- DATA IN THIS EXERCISE
(* Let $f:\{0,1\}^n\to\{0,1\}$ be an arbitrary symmetric Boolean function. Then \[D(f)\le O\!\left(\max\{\mathsf N(f)^6,\mathsf N(\overline f)^6\}\right).\]
   Context: $\mathsf N(f)$ is the minimum degree of a real polynomial $p$ with $|p(x)|\le1/3$ whenever $f(x)=0$ and $|p(x)|\ge1$ whenever $f(x)=1$; $\overline f=1-f$. $f$ is symmetric if $f(x)=f(x')$ whenever $x,x'$ have the same Hamming weight. $D(f)$ is deterministic decision tree complexity. Constants in $O(\cdot)$ are absolute. *)

theory Defs
  imports Complex_Main
begin

text \<open>Inputs in {0,1}^n are boolean lists of length n (True = 1).
  A Boolean function is f :: bool list => bool, considered on lists of length n.\<close>

definition hamming_weight :: "bool list \<Rightarrow> nat" where
  "hamming_weight x = length (filter id x)"

definition symmetric_fun :: "nat \<Rightarrow> (bool list \<Rightarrow> bool) \<Rightarrow> bool" where
  "symmetric_fun n f \<longleftrightarrow> (\<forall>x y. length x = n \<longrightarrow> length y = n \<longrightarrow>
      hamming_weight x = hamming_weight y \<longrightarrow> f x = f y)"

datatype dtree = Leaf bool | Node nat dtree dtree

fun dt_eval :: "dtree \<Rightarrow> bool list \<Rightarrow> bool" where
  "dt_eval (Leaf b) x = b"
| "dt_eval (Node i t0 t1) x = (if x ! i then dt_eval t1 x else dt_eval t0 x)"

fun dt_depth :: "dtree \<Rightarrow> nat" where
  "dt_depth (Leaf b) = 0"
| "dt_depth (Node i t0 t1) = Suc (max (dt_depth t0) (dt_depth t1))"

fun dt_valid :: "nat \<Rightarrow> dtree \<Rightarrow> bool" where
  "dt_valid n (Leaf b) = True"
| "dt_valid n (Node i t0 t1) = (i < n \<and> dt_valid n t0 \<and> dt_valid n t1)"

definition D :: "nat \<Rightarrow> (bool list \<Rightarrow> bool) \<Rightarrow> nat" where
  "D n f = (LEAST d. \<exists>t. dt_valid n t \<and> dt_depth t = d \<and>
                        (\<forall>x. length x = n \<longrightarrow> dt_eval t x = f x))"

text \<open>Real polynomials on {0,1}^n, in multilinear form (every real polynomial agrees on the
  cube with a multilinear one of no larger degree): coefficient c S for monomial prod_{i in S} x_i,
  S a subset of {0..<n}.\<close>

definition mpoly_eval :: "nat \<Rightarrow> (nat set \<Rightarrow> real) \<Rightarrow> bool list \<Rightarrow> real" where
  "mpoly_eval n c x = (\<Sum>S\<in>Pow {0..<n}. c S * (\<Prod>i\<in>S. (if x ! i then 1 else 0)))"

definition mpoly_deg_le :: "nat \<Rightarrow> (nat set \<Rightarrow> real) \<Rightarrow> nat \<Rightarrow> bool" where
  "mpoly_deg_le n c d \<longleftrightarrow> (\<forall>S\<in>Pow {0..<n}. c S \<noteq> 0 \<longrightarrow> card S \<le> d)"

definition N :: "nat \<Rightarrow> (bool list \<Rightarrow> bool) \<Rightarrow> nat" where
  "N n f = (LEAST d. \<exists>c. mpoly_deg_le n c d \<and>
      (\<forall>x. length x = n \<longrightarrow>
          (\<not> f x \<longrightarrow> \<bar>mpoly_eval n c x\<bar> \<le> 1/3) \<and>
          (f x \<longrightarrow> \<bar>mpoly_eval n c x\<bar> \<ge> 1)))"

end
(* Consider a general state space model as described in the context, with observations $y_1,y_2,\dots$ held fixed, and the i.i.d. Monte Carlo filter $f^N_{t|t}$. Assume that the transition densities do not depend on $t$, $a_t=a$ for all $t\ge1$, that $x\mapsto a(x,\cdot)$ is continuous into $L_1(\mu)$, that there exist a probability density $h$ and constants $0<c_a\le C_a<\infty$ with $$c_a h(x)\le a(x',x)\le C_a h(x)\quad\text{for all }x,x',$$ and that the observation densities are positive and satisfy $$C_b:=\sup_{t,x,x',y}\frac{b_t(x,y)}{b_t(x',y)}<\infty .$$ Then for every $\varepsilon>0$ there are constants $c_1,c_2$ such that for all $t$ and all $N$, $$\mathbf P\big[\|f^N_{t|t}-f_{t|t}\|_1>\varepsilon\big]\le c_1\exp(-c_2N).$$
   Context: State space model: the state space $E$ is a complete separable metric space with Borel $\sigma$-field and a reference measure $\mu$; observation space with measure $\nu$. $(X_t)$ is a Markov chain with $X_0\sim a_0\,d\mu$ and $X_t\mid X_{t-1}=x'\sim a_t(x',x)\,d\mu(x)$; conditionally on $(X_t)$ the $Y_t$ are independent with $Y_t\mid X_t=x\sim b_t(x,y)\,d\nu(y)$. With observations $y_1,y_2,\dots$ fixed, $f_{t|t}$ is the conditional density of $X_t$ given $Y_{1:t}=y_{1:t}$: $f_{0|0}=a_0$, $f_{t|t}(x)\propto b_t(x,y_t)\int f_{t-1|t-1}(x')a_t(x',x)\,d\mu(x')$. Monte Carlo filter: $x_{1,0},\dots,x_{N,0}$ i.i.d. from $f^N_{0|0}=a_0$; given the particles up to time $t-1$, $x_{1,t},\dots,x_{N,t}$ are i.i.d. from $f^N_{t|t}(x)\propto b_t(x,y_t)\frac1N\sum_{j=1}^N a_t(x_{j,t-1},x)$. $\|\cdot\|_1$ is the $L_1(\mu)$ norm; probabilities refer only to the Monte Carlo randomness. *)

theory Defs
  imports "HOL-Probability.Probability"
begin

primrec opt_filter ::
  "'a measure \<Rightarrow> ('a \<Rightarrow> real) \<Rightarrow> ('a \<Rightarrow> 'a \<Rightarrow> real) \<Rightarrow>
   (nat \<Rightarrow> 'a \<Rightarrow> 'b \<Rightarrow> real) \<Rightarrow> (nat \<Rightarrow> 'b) \<Rightarrow> nat \<Rightarrow> 'a \<Rightarrow> real" where
  "opt_filter mu a0 a b y 0 = a0"
| "opt_filter mu a0 a b y (Suc t) =
     (let g = (\<lambda>x. b (Suc t) x (y (Suc t)) *
                    (\<integral>x'. opt_filter mu a0 a b y t x' * a x' x \<partial>mu))
      in (\<lambda>x. g x / (\<integral>z. g z \<partial>mu)))"

text \<open>Monte Carlo filter density f^N_{t|t}, as a function of the particle cloud
  xs 0, ..., xs (N-1) at time t-1 (for t = 0 it is a0).\<close>
definition mc_filter ::
  "'a measure \<Rightarrow> ('a \<Rightarrow> real) \<Rightarrow> ('a \<Rightarrow> 'a \<Rightarrow> real) \<Rightarrow>
   (nat \<Rightarrow> 'a \<Rightarrow> 'b \<Rightarrow> real) \<Rightarrow> (nat \<Rightarrow> 'b) \<Rightarrow> nat \<Rightarrow> nat \<Rightarrow> (nat \<Rightarrow> 'a) \<Rightarrow> 'a \<Rightarrow> real" where
  "mc_filter mu a0 a b y N t xs =
     (case t of 0 \<Rightarrow> a0
      | Suc s \<Rightarrow>
         (let g = (\<lambda>x. b (Suc s) x (y (Suc s)) * ((\<Sum>j<N. a (xs j) x) / real N))
          in (\<lambda>x. g x / (\<integral>z. g z \<partial>mu))))"

text \<open>Joint law of the particle cloud (x_{1,t},...,x_{N,t}) (indexed 0..N-1):
  i.i.d. from a0 at time 0; given the cloud at time t, i.i.d. from f^N_{t+1|t+1}.\<close>
primrec mc_particles ::
  "'a measure \<Rightarrow> ('a \<Rightarrow> real) \<Rightarrow> ('a \<Rightarrow> 'a \<Rightarrow> real) \<Rightarrow>
   (nat \<Rightarrow> 'a \<Rightarrow> 'b \<Rightarrow> real) \<Rightarrow> (nat \<Rightarrow> 'b) \<Rightarrow> nat \<Rightarrow> nat \<Rightarrow> (nat \<Rightarrow> 'a) measure" where
  "mc_particles mu a0 a b y N 0 =
     PiM {..<N} (\<lambda>_. density mu (\<lambda>x. ennreal (a0 x)))"
| "mc_particles mu a0 a b y N (Suc t) =
     bind (mc_particles mu a0 a b y N t)
       (\<lambda>xs. PiM {..<N} (\<lambda>_. density mu (\<lambda>x. ennreal (mc_filter mu a0 a b y N (Suc t) xs x))))"

text \<open>P[ ||f^N_{t|t} - f_{t|t}||_1 > eps ]: f^N_{t|t} is a function of the cloud at
  time t-1 (for t = 0 it is deterministic).\<close>
definition mc_error_prob ::
  "'a measure \<Rightarrow> ('a \<Rightarrow> real) \<Rightarrow> ('a \<Rightarrow> 'a \<Rightarrow> real) \<Rightarrow>
   (nat \<Rightarrow> 'a \<Rightarrow> 'b \<Rightarrow> real) \<Rightarrow> (nat \<Rightarrow> 'b) \<Rightarrow> nat \<Rightarrow> nat \<Rightarrow> real \<Rightarrow> real" where
  "mc_error_prob mu a0 a b y N t eps =
     measure (mc_particles mu a0 a b y N (t - 1))
       {xs \<in> space (mc_particles mu a0 a b y N (t - 1)).
          (\<integral>\<^sup>+ x. ennreal \<bar>mc_filter mu a0 a b y N t xs x - opt_filter mu a0 a b y t x\<bar> \<partial>mu)
            > ennreal eps}"

end

theory Submission
  imports Defs
begin

text \<open>The exact filter step is a prediction with the kernel \<open>a\<close> followed by a Bayes correction
  with the likelihood \<open>b\<^sub>t\<close>. Since every \<open>a(x', \<cdot>)\<close> lies between \<open>ca * h\<close> and \<open>Ca * h\<close>, the
  prediction contracts the Hilbert projective distance of two densities by the factor
  \<open>1 - ca/Ca\<close> (Birkhoff) and the correction does not increase it, so two filters started from
  arbitrary densities are \<open>(Ca\<^sup>2/ca\<^sup>2 - 1)(1 - ca/Ca)\<^sup>k\<close>-close in \<open>L\<^sub>1\<close> after \<open>k + 1\<close> steps.
  Each step is moreover \<open>L\<^sub>1\<close>-Lipschitz with constant \<open>lip = 2 Cb\<^sup>2 Ca / ca\<close>.

  A Monte Carlo step differs from the exact one only in that the predicted density is replaced by
  the empirical mixture \<open>N\<^sup>-\<^sup>1 \<Sum>\<^sub>j a(x\<^sub>j, \<cdot>)\<close>. Hoeffding's inequality at each point, integrated
  against \<open>h\<close>, shows that this mixture is \<open>d\<close>-close in \<open>L\<^sub>1\<close> except with probability
  \<open>O(exp(-N d\<^sup>2 / (2 Ca\<^sup>2)))\<close>, conditionally on the past particles. Telescoping, the error at
  time \<open>t\<close> is at most the forgetting term for the steps before \<open>t - k - 1\<close> plus the Monte Carlo
  errors of the last \<open>k + 1\<close> steps, each amplified by at most \<open>lip\<^sup>k\<close>. Taking \<open>k\<close> with forgetting
  term below \<open>\<epsilon>/2\<close> and \<open>d\<close> of order \<open>\<epsilon> / ((k + 1) lip\<^sup>k)\<close>, a union bound over these
  \<open>k + 1\<close> steps gives \<open>c\<^sub>1 exp(-c\<^sub>2 N)\<close> uniformly in \<open>t\<close>.\<close>

lemma abs_integral_le_integral:
  fixes f g :: "_ \<Rightarrow> real"
  assumes "integrable M f" "integrable M g" "\<And>x. x \<in> space M \<Longrightarrow> \<bar>f x\<bar> \<le> g x"
  shows "\<bar>\<integral>x. f x \<partial>M\<bar> \<le> (\<integral>x. g x \<partial>M)"
proof -
  have "\<bar>\<integral>x. f x \<partial>M\<bar> \<le> (\<integral>x. \<bar>f x\<bar> \<partial>M)" by (rule integral_abs_bound)
  also have "\<dots> \<le> (\<integral>x. g x \<partial>M)" using assms by (intro integral_mono) auto
  finally show ?thesis .
qed

lemma prob_space_density_real:
  fixes p :: "'a \<Rightarrow> real"
  assumes "p \<in> borel_measurable M" "\<And>x. 0 \<le> p x" "integrable M p" "(\<integral>x. p x \<partial>M) = 1"
  shows "prob_space (density M (\<lambda>x. ennreal (p x)))"
proof (rule prob_spaceI)
  have "emeasure (density M (\<lambda>x. ennreal (p x))) (space M) = (\<integral>\<^sup>+x. ennreal (p x) \<partial>M)"
    using assms(1) by (simp add: emeasure_density)
  also have "\<dots> = ennreal (\<integral>x. p x \<partial>M)"
    using assms(2,3) by (intro nn_integral_eq_integral) auto
  finally show "emeasure (density M (\<lambda>x. ennreal (p x))) (space (density M (\<lambda>x. ennreal (p x)))) = 1"
    using assms(4) by simp
qed

lemma sets_PiM_density: "sets (PiM I (\<lambda>_. density M f)) = sets (PiM I (\<lambda>_. M))"
  by (rule sets_PiM_cong) auto

lemma space_PiM_density: "space (PiM I (\<lambda>_. density M f)) = space (PiM I (\<lambda>_. M))"
  by (rule sets_eq_imp_space_eq[OF sets_PiM_density])

lemma indep_vars_PiM_components:
  assumes M: "\<And>i. i \<in> I \<Longrightarrow> prob_space (M i)" and I: "I \<noteq> {}"
  shows "prob_space.indep_vars (PiM I M) M (\<lambda>i c. c i) I"
proof -
  interpret P: prob_space "PiM I M" by (rule prob_space_PiM[OF M])
  have "distr (PiM I M) (PiM I M) (\<lambda>x. \<lambda>i\<in>I. x i) = distr (PiM I M) (PiM I M) (\<lambda>x. x)"
    by (rule distr_cong) (auto simp: space_PiM PiE_def extensional_restrict)
  also have "\<dots> = PiM I M" by (rule distr_id)
  also have "\<dots> = PiM I (\<lambda>i. distr (PiM I M) (M i) (\<lambda>c. c i))"
  proof (rule PiM_cong)
    fix i assume "i \<in> I"
    then show "M i = distr (PiM I M) (M i) (\<lambda>c. c i)"
      using distr_PiM_component[of I M i, OF M] by simp
  qed simp
  finally show ?thesis
    by (subst P.indep_vars_iff_distr_eq_PiM'[OF I]) auto
qed

lemma nn_integral_section_mass_le:
  fixes h :: "'b \<Rightarrow> real"
  assumes P: "prob_space P" and mu: "sigma_finite_measure mu"
    and D: "D \<in> sets (P \<Otimes>\<^sub>M mu)" and h: "h \<in> borel_measurable mu" "\<And>z. 0 \<le> h z"
    and sections: "\<And>z. z \<in> space mu \<Longrightarrow> measure P {c \<in> space P. (c, z) \<in> D} \<le> g"
  shows "(\<integral>\<^sup>+c. (\<integral>\<^sup>+z. ennreal (h z * indicator D (c, z)) \<partial>mu) \<partial>P)
           \<le> ennreal g * (\<integral>\<^sup>+z. ennreal (h z) \<partial>mu)"
proof -
  interpret P: prob_space P by (rule P)
  interpret PM: pair_sigma_finite P mu
    by (intro pair_sigma_finite.intro P.sigma_finite_measure_axioms mu)
  note [measurable] = h(1) D
  have section_le: "(\<integral>\<^sup>+c. ennreal (h z * indicator D (c, z)) \<partial>P) \<le> ennreal g * ennreal (h z)"
    if z: "z \<in> space mu" for z
  proof -
    let ?Dz = "{c \<in> space P. (c, z) \<in> D}"
    have "(\<lambda>c. (c, z)) -` D \<inter> space P \<in> sets P" using sets_Pair2[OF D] by auto
    moreover have "?Dz = (\<lambda>c. (c, z)) -` D \<inter> space P" by auto
    ultimately have Dz: "?Dz \<in> sets P" by simp
    have "(\<integral>\<^sup>+c. ennreal (h z * indicator D (c, z)) \<partial>P) = (\<integral>\<^sup>+c. ennreal (h z) * indicator ?Dz c \<partial>P)"
      using h(2) by (intro nn_integral_cong) (auto simp: indicator_def)
    also have "\<dots> = ennreal (h z) * ennreal (measure P ?Dz)"
      using Dz by (simp add: nn_integral_cmult_indicator P.emeasure_eq_measure)
    also have "\<dots> \<le> ennreal (h z) * ennreal g"
      using sections[OF z] by (intro mult_left_mono ennreal_leI) auto
    finally show ?thesis by (simp add: mult.commute)
  qed
  have "(\<lambda>w. ennreal (h (snd w) * indicator D w)) \<in> borel_measurable (P \<Otimes>\<^sub>M mu)"
    by measurable
  then have "(\<integral>\<^sup>+c. (\<integral>\<^sup>+z. ennreal (h z * indicator D (c, z)) \<partial>mu) \<partial>P)
      = (\<integral>\<^sup>+z. (\<integral>\<^sup>+c. ennreal (h z * indicator D (c, z)) \<partial>P) \<partial>mu)"
    using PM.Fubini'[of "\<lambda>c z. ennreal (h z * indicator D (c, z))"] by (simp add: case_prod_beta')
  also have "\<dots> \<le> (\<integral>\<^sup>+z. ennreal g * ennreal (h z) \<partial>mu)"
    using section_le by (intro nn_integral_mono) auto
  finally show ?thesis by (simp add: nn_integral_cmult)
qed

- THE TASK
Throughout the data above, copy all lines where the word "that" is found.

- ANSWER TO THE EXERCISE
(* Consider a general state space model as described in the context, with observations $y_1,y_2,\dots$ held fixed, and the i.i.d. Monte Carlo filter $f^N_{t|t}$. Assume that the transition densities do not depend on $t$, $a_t=a$ for all $t\ge1$, that $x\mapsto a(x,\cdot)$ is continuous into $L_1(\mu)$, that there exist a probability density $h$ and constants $0<c_a\le C_a<\infty$ with $$c_a h(x)\le a(x',x)\le C_a h(x)\quad\text{for all }x,x',$$ and that the observation densities are positive and satisfy $$C_b:=\sup_{t,x,x',y}\frac{b_t(x,y)}{b_t(x',y)}<\infty .$$ Then for every $\varepsilon>0$ there are constants $c_1,c_2$ such that for all $t$ and all $N$, $$\mathbf P\big[\|f^N_{t|t}-f_{t|t}\|_1>\varepsilon\big]\le c_1\exp(-c_2N).$$
  A Monte Carlo step differs from the exact one only in that the predicted density is replaced by
  against \<open>h\<close>, shows that this mixture is \<open>d\<close>-close in \<open>L\<^sub>1\<close> except with probability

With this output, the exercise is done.